For Data preparation step, you can use the options on the Data preparation tab to open or connect a data file for the analysis from a local machine or from a URL server. You can also use this section to apply data transformations, identify and review specific variables for the analysis, select a labeling variable for identifying specific case names to be used in the analysis, remove duplicate cases from the data and specify the use of a sample data set.

Element Name Description
Open/Connect data file Displays the Select Data Source dialog box and select the data file for the analysis.

Data Miner Recipes data files are saved in the standard Statistica format with extension *.sta.

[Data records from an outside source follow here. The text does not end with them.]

lemma reachable_sink_improves:
  assumes "reachable t"
  obtains \<psi> where "flow \<psi>" "flow_value E s \<phi> < flow_value E s \<psi>"
proof -
  obtain d where d: "path_vector t d"
    using reachable_path_vector(1)[OF assms] by blast
  then have "keeps_nonneg d" "\<And>v h. v \<in> V \<Longrightarrow> in_tangent_cone v h d"
    "\<forall>v\<in>V - {s, t}. excess E d v = 0" "excess E d s = -1"
    using source_vertex source_ne_sink by (auto simp: path_vector_def)
  moreover obtain \<epsilon> where "0 < \<epsilon>" "flow (\<lambda>x. \<phi> x + \<epsilon> * d x)"
    using improving_direction calculation(1-3) by blast
  ultimately show thesis
    using that[of "\<lambda>x. \<phi> x + \<epsilon> * d x"] by (simp add: flow_value_add_scaled)
qed

lemma reachable_in_graph:
  shows "reachable v \<Longrightarrow> v \<in> V" and "reachable_arc e h \<Longrightarrow> e \<in> E"
  by (induction rule: reachable_reachable_arc.inducts)
    (auto simp: source_vertex edges_at_def
      dest: edge_endpoints[of _ Head] edge_endpoints[of _ Tail])

lemma reachable_arc_Head_tail: "reachable_arc e Head \<Longrightarrow> reachable (fst e)"
  by (cases rule: reachable_arc.cases) (auto simp: edges_at_def dest: arrive_tail)

section \<open>The minimum cut\<close>

definition saturated_in :: "'v \<Rightarrow> ('v \<times> 'v) set" where
  "saturated_in b = (\<Union>e\<in>{e \<in> edges_at E b Head. reachable_arc e Head}. tight_closure b Head e)"

definition unsaturated_out :: "'v \<Rightarrow> ('v \<times> 'v) set" where
  "unsaturated_out a = {e \<in> edges_at E a Tail. \<not> reachable (snd e) \<and> e \<notin> saturated_in (snd e)}"

lemma reachable_arc_Head_saturated:
  assumes "reachable_arc e Head" "\<not> reachable (snd e)"
  shows "e \<in> saturated_in (snd e)"
proof -
  have "e \<in> E"
    using reachable_in_graph(2)[OF assms(1)] .
  then have "e \<in> edges_at E (snd e) Head" "snd e \<in> V"
    using edge_endpoints[of e Head] by (simp_all add: edges_at_def)
  moreover have "\<not> free (snd e) Head e"
    using assms arrive_head[of e] by blast
  ultimately have "e \<in> tight_closure (snd e) Head e"
    by (intro tight_closure_tight(2))
  then show ?thesis
    unfolding saturated_in_def using assms(1) \<open>e \<in> edges_at E (snd e) Head\<close> by blast
qed
(* Let $Q$ be an induced path in a graph $G$ and let $H$ be a Tutte bridge of $V(Q)$ in $G$ such that (1) $V(H)\cap V(Q)=\{v_1,v_2\}$ for two non-adjacent vertices $v_1,v_2$ of $Q$, and (2) $H$ contains a cycle $C$ and two vertex-disjoint (possibly single-vertex) paths in $H$, one from $v_1$ to $V(C)$ and one from $v_2$ to $V(C)$. Let $Q'$ be the subpath of $Q$ from $v_1$ to $v_2$. Then $G[V(H)\cup V(Q')]$ contains an induced subdivision of the diamond.
   Context: All graphs are finite and simple. The diamond is $K_4$ minus one edge. An induced subdivision of a graph $H$ in $G$ is an induced subgraph of $G$ isomorphic to a graph obtained from $H$ by repeatedly replacing edges by paths of length $2$ through new vertices. For $A\subseteq V(G)$, a Tutte bridge of $A$ in $G$ is the subgraph of $G$ consisting of one connected component $K$ of $G-A$, together with all edges joining $K$ to $A$ and all vertices of $A$ incident with those edges. *)

theory Defs
  imports Main
begin

definition sgraph :: "'a set \<Rightarrow> ('a \<Rightarrow> 'a \<Rightarrow> bool) \<Rightarrow> bool" where
  "sgraph V E \<longleftrightarrow> finite V \<and> (\<forall>x y. E x y \<longrightarrow> x \<in> V \<and> y \<in> V \<and> x \<noteq> y \<and> E y x)"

If you have completed subsequent steps in this project, opening a different data file invalidates those steps. Hence, if you click the Open/Connect data file button while a project is in process, you are asked if you want to delete the subsequent steps of the project (if any).
  1. Click No to cancel or Yes to proceed, in which case you are prompted to save the current project with the display of a Save as dialog box.
Apply data transformations Displays the Batch Transformation Formulas dialog box, which contains options to supplement the data transformation formulas built into the Statistica spreadsheet.

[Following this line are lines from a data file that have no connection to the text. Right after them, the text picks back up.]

lemma Delta_iterate_fstep_eq_integral:
  assumes "1 \<le> d" "1 \<le> n" "0 < r" and lam: "lam = real n / real d"
  shows "complex_of_real ((Delta d n ^^ \<alpha>) (fstep d n) y) =
    of_real (sqrt lam * exp (- lam) / (2 * pi)) * integral {-pi..pi} (Delta_kernel lam r \<lfloor>y * sqrt lam + lam\<rfloor> \<alpha>)"
proof (induction \<alpha> arbitrary: y)
  case 0
  show ?case
    using integral_unique[OF Delta_kernel_0_has_integral[OF \<open>0 < r\<close>]]
    by (simp add: fstep_def Let_def lam)
next
  case (Suc \<alpha>)
  have "0 < lam" using assms by simp
  let ?D = "(Delta d n ^^ \<alpha>) (fstep d n)"
  let ?K = "\<lambda>\<alpha> m. integral {-pi..pi} (Delta_kernel lam r m \<alpha>)"
  let ?m = "\<lfloor>y * sqrt lam + lam\<rfloor>"
  have "(Delta d n ^^ Suc \<alpha>) (fstep d n) y = sqrt lam * (?D (y + 1 / sqrt lam) - ?D y)"
    by (simp only: funpow.simps comp_apply Delta_eq[of d n ?D y] lam)
  then have "complex_of_real ((Delta d n ^^ Suc \<alpha>) (fstep d n) y) =
      sqrt lam * (complex_of_real (?D (y + 1 / sqrt lam)) - complex_of_real (?D y))"
    by simp
  also have "\<dots> = of_real (sqrt lam * exp (- lam) / (2 * pi)) * (sqrt lam * (?K \<alpha> (?m + 1) - ?K \<alpha> ?m))"
    using Suc.IH[of y] Suc.IH[of "y + 1 / sqrt lam"] floor_shift_inverse[of "sqrt lam" y lam] \<open>0 < lam\<close>
    by (simp add: algebra_simps)
  also have "sqrt lam * (?K \<alpha> (?m + 1) - ?K \<alpha> ?m) = ?K (Suc \<alpha>) ?m"
  proof -
    have "?K (Suc \<alpha>) ?m = integral {-pi..pi} (\<lambda>\<theta>. sqrt lam * (Delta_kernel lam r (?m + 1) \<alpha> \<theta> - Delta_kernel lam r ?m \<alpha> \<theta>))"
      by (intro integral_cong) (simp add: Delta_kernel_Suc[OF \<open>0 < r\<close>])
    then show ?thesis
      by (simp add: integral_diff Delta_kernel_integrable[OF \<open>0 < r\<close>])
  qed
  finally show ?case .
qed

lemma one_minus_cos_ge:
  assumes "\<bar>x\<bar> \<le> pi"
  shows "x\<^sup>2 / 12 \<le> 1 - cos x"
proof -
  let ?R = "iexp x - (\<Sum>k\<le>3. (\<i> * complex_of_real x) ^ k / fact k)"
  have "\<bar>x\<bar> ^ Suc 3 / fact (Suc 3) = x\<^sup>2 * x\<^sup>2 / 24"
    by (simp add: fact_numeral numeral_3_eq_3 power2_eq_square)
  then have "\<bar>Re ?R\<bar> \<le> x\<^sup>2 * x\<^sup>2 / 24"
    using abs_Re_le_cmod[of ?R] iexp_approx1[of x 3] by linarith
  moreover have "Re ?R = cos x - 1 + x\<^sup>2 / 2"
    by (simp add: numeral_3_eq_3 fact_numeral Re_exp power2_eq_square)
  moreover have "x\<^sup>2 \<le> 10"
  proof -
    have "\<bar>x\<bar>\<^sup>2 \<le> pi\<^sup>2" using assms by (intro power_mono) auto
    then have "x\<^sup>2 \<le> pi\<^sup>2" by simp
    also have "pi\<^sup>2 \<le> 3.15\<^sup>2" using pi_approx(2) pi_gt3 by (intro power_mono) auto
    finally show ?thesis by (simp add: power2_eq_square)
  qed
  then have "x\<^sup>2 * x\<^sup>2 \<le> x\<^sup>2 * 10" by (intro mult_left_mono) auto
  ultimately show ?thesis by linarith
qed

lemma abs_exp_minus_one_le: "\<bar>exp v - 1\<bar> \<le> \<bar>v\<bar> * exp \<bar>v\<bar>" for v :: real
proof (cases "v \<ge> 0")
  case True
  have "exp v * (1 - v) \<le> exp v * exp (- v)"
    using exp_ge_add_one_self[of "- v"] by (intro mult_left_mono) auto
  with True show ?thesis by (simp add: algebra_simps exp_minus_inverse)
next
  case False
  have "1 - exp v \<le> - v" using exp_ge_add_one_self[of v] by linarith
  also have "\<dots> \<le> - v * exp (- v)" using False by simp
  finally show ?thesis using False by (simp add: abs_if)
qed

lemma exp_taylor1_remainder_le:
  fixes u :: real
  assumes "0 \<le> u"
  shows "exp u - 1 - u \<le> u\<^sup>2 * exp u"
proof (cases "u \<le> 1")
  case True
  then have "exp u \<le> 1 + u + u\<^sup>2" using assms by (intro exp_bound) auto
  moreover have "u\<^sup>2 * 1 \<le> u\<^sup>2 * exp u" using assms by (intro mult_left_mono) auto
  ultimately show ?thesis by simp
next
  case False
  then have "exp u \<le> u\<^sup>2 * exp u" by simp
  with False show ?thesis by linarith
qed

lemma exp_minus_taylor1_remainder_le: "0 \<le> u \<Longrightarrow> exp (- u) - 1 + u \<le> u\<^sup>2" for u :: real
proof -
  assume "0 \<le> u"
  then have "exp (- u) \<le> 1 / (1 + u)"
    using exp_ge_add_one_self[of u] by (simp add: exp_minus field_simps)
  also have "1 / (1 + u) = 1 - u + u\<^sup>2 / (1 + u)"
    using \<open>0 \<le> u\<close> by (simp add: field_simps power2_eq_square)
  also have "u\<^sup>2 / (1 + u) \<le> u\<^sup>2 / 1"
    using \<open>0 \<le> u\<close> by (intro divide_left_mono) auto
  finally show ?thesis by simp
qed

lemma norm_cis_minus_one_le: "cmod (cis x - 1) \<le> \<bar>x\<bar>"
  using iexp_approx1[of x 0] by (simp add: cis_conv_exp)

lemma norm_inverse_cis_minus_one_le:
  assumes "0 < r"
  shows "cmod (inverse (r * cis \<theta>) - 1) \<le> inverse r * \<bar>\<theta>\<bar> + \<bar>inverse r - 1\<bar>"
proof -
  have "inverse (r * cis \<theta>) - 1 = of_real (inverse r) * (cis (- \<theta>) - 1) + of_real (inverse r - 1)"
    by (simp add: algebra_simps)
  also have "cmod \<dots> \<le> cmod (of_real (inverse r) * (cis (- \<theta>) - 1)) + cmod (of_real (inverse r - 1) :: complex)"
    by (rule norm_triangle_ineq)
  also have "\<dots> = inverse r * cmod (cis (- \<theta>) - 1) + \<bar>inverse r - 1\<bar>"
    using assms by (simp only: norm_mult norm_of_real) simp
  also have "\<dots> \<le> inverse r * \<bar>\<theta>\<bar> + \<bar>inverse r - 1\<bar>"
    using norm_cis_minus_one_le[of "- \<theta>"] assms by (simp add: mult_left_mono)
  finally show ?thesis .
qed

lemma norm_cis_taylor2_le: "cmod (cis \<theta> - 1 - \<i> * \<theta> + of_real (\<theta>\<^sup>2 / 2)) \<le> \<bar>\<theta>\<bar> ^ 3 / 6"
proof -
  have taylor: "(\<Sum>j\<le>2. (\<i> * complex_of_real \<theta>) ^ j / fact j) = 1 + \<i> * \<theta> - \<theta>\<^sup>2 / 2"
    by (simp add: numeral_2_eq_2 power2_eq_square algebra_simps)
  show ?thesis
    using iexp_approx1[of \<theta> 2] unfolding taylor cis_conv_exp by (simp add: fact_numeral algebra_simps)
qed

lemma norm_cis_difference_quotient_le: "cmod ((cis (- (h * t)) - 1) / h) \<le> \<bar>t\<bar>"
proof (cases "h = 0")
  case False
  then show ?thesis
    using norm_cis_minus_one_le[of "- (h * t)"]
    by (simp add: norm_divide divide_le_eq abs_mult mult.commute)
qed simp

lemma LIMSEQ_by_norm_bound:
  fixes a :: "nat \<Rightarrow> 'a::real_normed_vector"
  assumes "\<And>n. norm (a n - L) \<le> b n" "b \<longlonglongrightarrow> 0"
  shows "a \<longlonglongrightarrow> L"
proof -
  have "(\<lambda>n. a n - L) \<longlonglongrightarrow> 0"
    by (rule Lim_null_comparison[OF _ assms(2)]) (use assms(1) in auto)
  then show ?thesis by (simp add: LIM_zero_iff)
qed

lemma cis_difference_quotient_tendsto:
  assumes "h \<longlonglongrightarrow> 0" "\<And>k. h k \<noteq> 0"
  shows "(\<lambda>k. (cis (- (h k * t)) - 1) / h k) \<longlonglongrightarrow> - \<i> * t"
proof (rule LIMSEQ_by_norm_bound)
  fix k
  have "cmod (cis (- (h k * t)) - 1 + \<i> * (h k * t)) \<le> (h k)\<^sup>2 * t\<^sup>2 / 2"
    using iexp_approx1[of "- (h k * t)" 1]
    by (simp add: cis_conv_exp power2_eq_square algebra_simps)
  moreover have "(cis (- (h k * t)) - 1) / h k - - \<i> * t = (cis (- (h k * t)) - 1 + \<i> * (h k * t)) / h k"
    using assms(2)[of k] by (simp add: field_simps)
  ultimately show "cmod ((cis (- (h k * t)) - 1) / h k - - \<i> * t) \<le> \<bar>h k\<bar> * (t\<^sup>2 / 2)"
    using assms(2)[of k] by (simp add: norm_divide divide_le_eq power2_eq_square algebra_simps)
next
  show "(\<lambda>k. \<bar>h k\<bar> * (t\<^sup>2 / 2)) \<longlonglongrightarrow> 0"
    by (intro tendsto_mult_left_zero tendsto_rabs_zero assms(1))
qed

lemma has_integral_rescale_interval:
  fixes f :: "real \<Rightarrow> 'a::real_normed_vector"
  assumes s: "0 < s" and f: "(f has_integral I) {a..b}"
  shows "((\<lambda>t. f (t / s)) has_integral s *\<^sub>R I) {a * s..b * s}"
proof -
  have "((\<lambda>t. f ((1 / s) *\<^sub>R t + 0)) has_integral I /\<^sub>R (1 / s) ^ DIM(real))
      (cbox ((a - 0) /\<^sub>R (1 / s)) ((b - 0) /\<^sub>R (1 / s)))"
    using f s by (intro has_integral_affinity') auto
  then show ?thesis
    using s by (simp add: divide_inverse mult.commute)
qed

lemma gauss_moment_integrable:
  fixes c :: real
  assumes "0 < c"
  shows "(\<lambda>t. exp (- c * t\<^sup>2) * \<bar>t\<bar> ^ k) integrable_on UNIV"
proof -
  define \<sigma> where "\<sigma> = sqrt (1 / (2 * c))"
  have \<sigma>: "0 < \<sigma>" "\<sigma>\<^sup>2 = 1 / (2 * c)"
    using assms by (simp_all add: \<sigma>_def)
  have "integrable lborel (\<lambda>t. sqrt (2 * pi * \<sigma>\<^sup>2) * (normal_density 0 \<sigma> t * \<bar>t - 0\<bar> ^ k))"
    using integrable_normal_moment_abs[OF \<sigma>(1)] by (rule integrable_mult_right)
  moreover have "sqrt (2 * pi * \<sigma>\<^sup>2) * normal_density 0 \<sigma> t = exp (- c * t\<^sup>2)" for t
    using \<sigma> assms by (simp add: normal_density_def field_simps)
  ultimately have "integrable lborel (\<lambda>t. exp (- c * t\<^sup>2) * \<bar>t\<bar> ^ k)"
    by (simp add: mult.assoc [symmetric])
  then show ?thesis by (rule integrable_on_lborel)
qed

lemma integrable_on_UNIV_by_continuous_bound:
  fixes f :: "'a::euclidean_space \<Rightarrow> 'b::euclidean_space"
  assumes "continuous_on UNIV f" "\<And>t. norm (f t) \<le> g t" "g integrable_on UNIV"
  shows "f integrable_on UNIV"
proof (rule integrable_on_all_intervals_integrable_bound[OF _ _ assms(3)])
  show "(\<lambda>x. if x \<in> UNIV then f x else 0) integrable_on cbox a b" for a b
    using continuous_on_subset[OF assms(1)] by (simp add: integrable_continuous)
qed (use assms(2) in auto)

definition gauss_majorant :: "real \<Rightarrow> nat \<Rightarrow> real \<Rightarrow> real" where
  "gauss_majorant c \<alpha> t = exp (- c * t\<^sup>2) * (1 + \<bar>t\<bar>) ^ \<alpha>"

lemma gauss_majorant_nonneg: "0 \<le> gauss_majorant c \<alpha> t"
  by (simp add: gauss_majorant_def)

lemma continuous_on_gauss_majorant: "continuous_on S (gauss_majorant c \<alpha>)"
  unfolding gauss_majorant_def by (intro continuous_intros)

lemma gauss_majorant_integrable:
  assumes "0 < c"
  shows "gauss_majorant c \<alpha> integrable_on UNIV"
proof (rule integrable_on_UNIV_by_continuous_bound[OF continuous_on_gauss_majorant])
  have binomial_bound: "(1 + \<bar>t\<bar>) ^ \<alpha> \<le> 2 ^ \<alpha> * (\<bar>t\<bar> ^ 0 + \<bar>t\<bar> ^ \<alpha>)" for t :: real
  proof (cases "\<bar>t\<bar> \<le> 1")
    case True
    then have "(1 + \<bar>t\<bar>) ^ \<alpha> \<le> 2 ^ \<alpha>" by (intro power_mono) auto
    moreover have "2 ^ \<alpha> * 1 \<le> 2 ^ \<alpha> * (\<bar>t\<bar> ^ 0 + \<bar>t\<bar> ^ \<alpha>)" by (intro mult_left_mono) auto
    ultimately show ?thesis by linarith
  next
    case False
    then have "(1 + \<bar>t\<bar>) ^ \<alpha> \<le> (2 * \<bar>t\<bar>) ^ \<alpha>" by (intro power_mono) auto
    moreover have "(0::real) \<le> 2 ^ \<alpha>" by simp
    ultimately show ?thesis by (simp add: power_mult_distrib distrib_left add_increasing)
  qed
  show "norm (gauss_majorant c \<alpha> t) \<le>
      2 ^ \<alpha> * (exp (- c * t\<^sup>2) * \<bar>t\<bar> ^ 0 + exp (- c * t\<^sup>2) * \<bar>t\<bar> ^ \<alpha>)" for t
  proof -
    have "norm (gauss_majorant c \<alpha> t) = exp (- c * t\<^sup>2) * (1 + \<bar>t\<bar>) ^ \<alpha>"
      by (simp add: gauss_majorant_def)
    also have "\<dots> \<le> exp (- c * t\<^sup>2) * (2 ^ \<alpha> * (\<bar>t\<bar> ^ 0 + \<bar>t\<bar> ^ \<alpha>))"
      by (intro mult_left_mono binomial_bound) auto
    finally show ?thesis by (simp add: algebra_simps)
  qed
  show "(\<lambda>t. 2 ^ \<alpha> * (exp (- c * t\<^sup>2) * \<bar>t\<bar> ^ 0 + exp (- c * t\<^sup>2) * \<bar>t\<bar> ^ \<alpha>)) integrable_on UNIV"
    using integrable_cmul[OF integrable_add[OF gauss_moment_integrable[OF assms, of 0]
        gauss_moment_integrable[OF assms, of \<alpha>]], of "2 ^ \<alpha>"] by simp
qed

You can enter several transformation formulas into a text editor and evaluate these transformations in sequence, one by one. Any transformation you choose is also be applied to new data during deployment.

Select variables Displays a five-list variable selection dialog box, which is used to choose variables for the analysis.

You can select continuous and categorical targets, continuous and categorical predictors, and a validation sample variable.

Select labels(s) Displays a single list variable selection dialog box, which is used to identify one or more labeling variables for identifying specific cases from the data set for use in the analysis.

Note that case labels (ID) must be unique. If the selected variable does contain duplicate labels (for example two or more cases with the same label (ID) or the case names contain duplicate labels, the Next step fails and you are prompted to review the data set for duplicate names before continuing to the next step.

Use sample dataset You can select this check box to extract a random sample from the original data set and use that sample as the data for the analysis.

By default, this check box is selected for large data files and cleared for smaller data sets. The default selection is to use Systematic random sampling with K =1. Additional sampling methods are specified on the Advanced tab.

Remove duplicate record(s) You can select this check box to remove duplicate records from the data set.

Options for defining duplicate records are available on the Advanced tab.

Variables Displays the variable's type (continuous or categorical) and role (input, output and validation sample).

Changes to a variable's type or role are made by clicking the Select variables button.